Trump healthcare orders may have little weight

"Today I'm laying out my vision for the future of American healthcare..."

President Donald Trump pitched his "America First Healthcare Plan" in Charlotte, North Carolina on Thursday, signing two executive orders on healthcare for Americans that lawyers said carry little weight, as the president seeks to boost his flagging credibility with voters on the hot-button issue of healthcare ahead of the Nov. 3 election.

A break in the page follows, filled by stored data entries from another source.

lemma exists_kasner_embedding:
  assumes "a > 0" and "smooth_real \<tau>" and "\<And>s. \<tau> (s + 1) = \<tau> s"
    and "a * integral {0..1} \<tau> \<noteq> 0" and "n \<ge> 1" and "l 1 = a"
  shows "\<exists>\<gamma>. kasner_curve (a * integral {0..1} \<tau>) \<gamma> \<and>
           sp_induces n l \<gamma> (\<lambda>i j s. torus_metric n l i j)
             (\<lambda>i j s. if i = 1 \<and> j = 1 then \<tau> (s 1) * (l 1)\<^sup>2 else 0)"
proof -
  obtain \<phi> u w where uw: "null_curve a \<tau> \<phi> u w"
    using null_curve_exists assms(1,2) by blast
  define \<Psi> where "\<Psi> = a * integral {0..1} \<tau>"
  txt \<open>\<open>- cu\<close> and \<open>- cw\<close> are the fixed points of the affine maps by which the shift
    \<open>s \<mapsto> s + 1\<close> acts on \<open>u\<close> and \<open>w\<close>.\<close>
  define cu where "cu = (u 1 - exp \<Psi> * u 0) / (exp \<Psi> - 1)"
  define cw where "cw = (w 1 - exp (- \<Psi>) * w 0) / (exp (- \<Psi>) - 1)"
  interpret K: periodic_null_curve a \<tau> \<phi> "\<lambda>s. u s + cu" "\<lambda>s. w s + cw"
    using null_curve_translate[OF uw] assms(3)
    by (simp add: periodic_null_curve_def periodic_null_curve_axioms_def)
  have "exp \<Psi> - 1 \<noteq> 0" "exp (- \<Psi>) - 1 \<noteq> 0"
    using assms(4) by (auto simp: \<Psi>_def)
  then have "u 1 + cu = exp \<Psi> * (u 0 + cu)" "w 1 + cw = exp (- \<Psi>) * (w 0 + cw)"
    by (simp_all add: cu_def cw_def field_simps)
  then have "kasner_curve \<Psi> K.curve"
    using assms(4) by (intro K.kasner_curve_curve[unfolded K.\<Psi>_eq_integral \<Psi>_def[symmetric]])
      (simp_all add: \<Psi>_def)
  with K.sp_induces_curve assms(5,6) show ?thesis
    unfolding \<Psi>_def by blast
qed

lemma exists_cylinder_embedding:
  assumes "a > 0" and "smooth_real \<tau>" and "\<And>s. \<tau> (s + 1) = \<tau> s"
    and "integral {0..1} \<tau> = 0" and "n \<ge> 1" and "l 1 = a"
  shows "\<exists>L \<gamma>. L > 0 \<and> cylinder_curve L \<gamma> \<and>
           sp_induces n l \<gamma> (\<lambda>i j s. torus_metric n l i j)
             (\<lambda>i j s. if i = 1 \<and> j = 1 then \<tau> (s 1) * (l 1)\<^sup>2 else 0)"
proof -
  obtain \<phi> u w where uw: "null_curve a \<tau> \<phi> u w"
    using null_curve_exists assms(1,2) by blast
  have "u 1 - u 0 > 0" "w 0 - w 1 > 0"
    using null_curve.strict_mono_u[OF uw] null_curve.strict_antimono_w[OF uw, of 0 1]
    by (simp_all add: strict_mono_def)
  txt \<open>Rescaling \<open>u\<close> by \<open>exp c\<close> and \<open>w\<close> by \<open>exp (- c)\<close> makes the increments of \<open>u\<close> and
    \<open>- w\<close> over a period equal, so the shift by one period does not move the time coordinate.\<close>
  define c where "c = ln ((w 0 - w 1) / (u 1 - u 0)) / 2"
  have "exp c * exp c = (w 0 - w 1) / (u 1 - u 0)"
    using \<open>u 1 - u 0 > 0\<close> \<open>w 0 - w 1 > 0\<close> by (simp add: c_def flip: exp_add)
  then have balanced: "exp c * u 1 - exp c * u 0 = exp (- c) * w 0 - exp (- c) * w 1"
    using \<open>u 1 - u 0 > 0\<close> by (simp add: exp_minus field_simps)
  interpret K: periodic_null_curve a \<tau> "\<lambda>s. \<phi> s + c" "\<lambda>s. exp c * u s" "\<lambda>s. exp (- c) * w s"
    using null_curve_rescale[OF uw] assms(3)
    by (simp add: periodic_null_curve_def periodic_null_curve_axioms_def)
  have "cylinder_curve (exp c * u 1 - exp c * u 0) K.curve"
    using assms(4) balanced by (intro K.cylinder_curve_curve) (simp_all add: K.\<Psi>_eq_integral)
  with K.sp_induces_curve assms(5,6) show ?thesis
    unfolding cylinder_curve_def by blast
qed

section \<open>Integrals over the torus\<close>

lemma integral_restrict_space_lborel_unit_interval:
  fixes g :: "real \<Rightarrow> real"
  assumes "continuous_on {0..1} g"
  shows "integral\<^sup>L (restrict_space lborel {0..1}) g = integral {0..1} g"
proof -
  have "integral\<^sup>L (restrict_space lborel {0..1}) g = (LINT x : {0..1} | lborel. g x)"
    unfolding set_lebesgue_integral_def by (rule integral_restrict_space) simp
  also have "\<dots> = integral {0..1} g"
    by (rule set_borel_integral_eq_integral(2)[OF borel_integrable_atLeastAtMost'[OF assms]])
  finally show ?thesis .
qed
theorem theorem3:
  fixes M :: "'a measure" and X :: "nat \<Rightarrow> 'a \<Rightarrow> real" and eps Y :: "'a \<Rightarrow> real"
    and p :: nat and \<delta> :: real and \<beta> :: "nat \<Rightarrow> real"
  assumes "prob_space M"
    and X_meas: "\<And>j. j \<in> {1..p} \<Longrightarrow> X j \<in> borel_measurable M"
    and X_sq: "\<And>j. j \<in> {1..p} \<Longrightarrow> integrable M (\<lambda>\<omega>. (X j \<omega>)\<^sup>2)"
    and pos_def: "\<And>c :: nat \<Rightarrow> real. (\<exists>j\<in>{1..p}. c j \<noteq> 0) \<Longrightarrow>
        (\<Sum>j\<in>{1..p}. \<Sum>k\<in>{1..p}. c j * c k * covar M (X j) (X k)) > 0"
    and eps_meas: "eps \<in> borel_measurable M"
    and eps_sq: "integrable M (\<lambda>\<omega>. (eps \<omega>)\<^sup>2)"
    and eps_mean: "(\<integral>\<omega>. eps \<omega> \<partial>M) = 0"
    and eps_var: "covar M eps eps > 0"
    and uncorr: "\<And>j. j \<in> {1..p} \<Longrightarrow> covar M eps (X j) = 0"
    and Y_def: "\<And>\<omega>. Y \<omega> = \<delta> + (\<Sum>j\<in>{1..p}. \<beta> j * X j \<omega>) + eps \<omega>"
    and faithful: "partially_faithful M Y X p"
  shows "pc_A M Y X p (m_reach M Y X p) = {j\<in>{1..p}. \<beta> j \<noteq> 0}"
proof -
  interpret linear_model M X eps Y p \<delta> \<beta>
    by (intro linear_model.intro linear_model_axioms.intro) (fact assms)+
  have "pc_active_set M Y X p active"
    using active_subset faithful corr_eq_pcor_empty pcor_inactive[OF subset_refl active_subset]
      pcor_active
    by unfold_locales auto
  then show ?thesis
    unfolding active_def by (rule pc_active_set.pc_A_m_reach)
qed

end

"The Democrats like to constantly talk about it and yet pre-existing conditions are much safer with us than they are with them," said Trump.

Trump's executive orders were aimed at addressing surprise medical bills and ensuring Americans with pre-existing conditions would retain healthcare coverage, even as his own administration seeks to strike down the Affordable Care Act, which protects that very right.

Some lawyers expressed skepticism that Trump had the authority to make such a move by executive order.

University of Michigan law school professor Nicholas Bagley told Reuters: "His statements have no more legal weight than a tweet."

In June, the Trump administration asked the U.S. Supreme Court to invalidate the Obamacare law that added millions to the healthcare safety net, a move that could scrap coverage in the middle of a national health crisis.

With Trump poised to add a conservative justice to fill the seat of liberal icon Ruth Bader Ginsburg, a new 6-3 conservative majority could provide the decisive vote to strike down his predecessor's signature healthcare law.

Trump lags his Democratic rival Joe Biden in national opinion polls, especially on the question of who would better handle healthcare.

At his event in Charlotte, Trump promised to send seniors $200 drug discount cards before the election and that they'd soon receive them in the mail.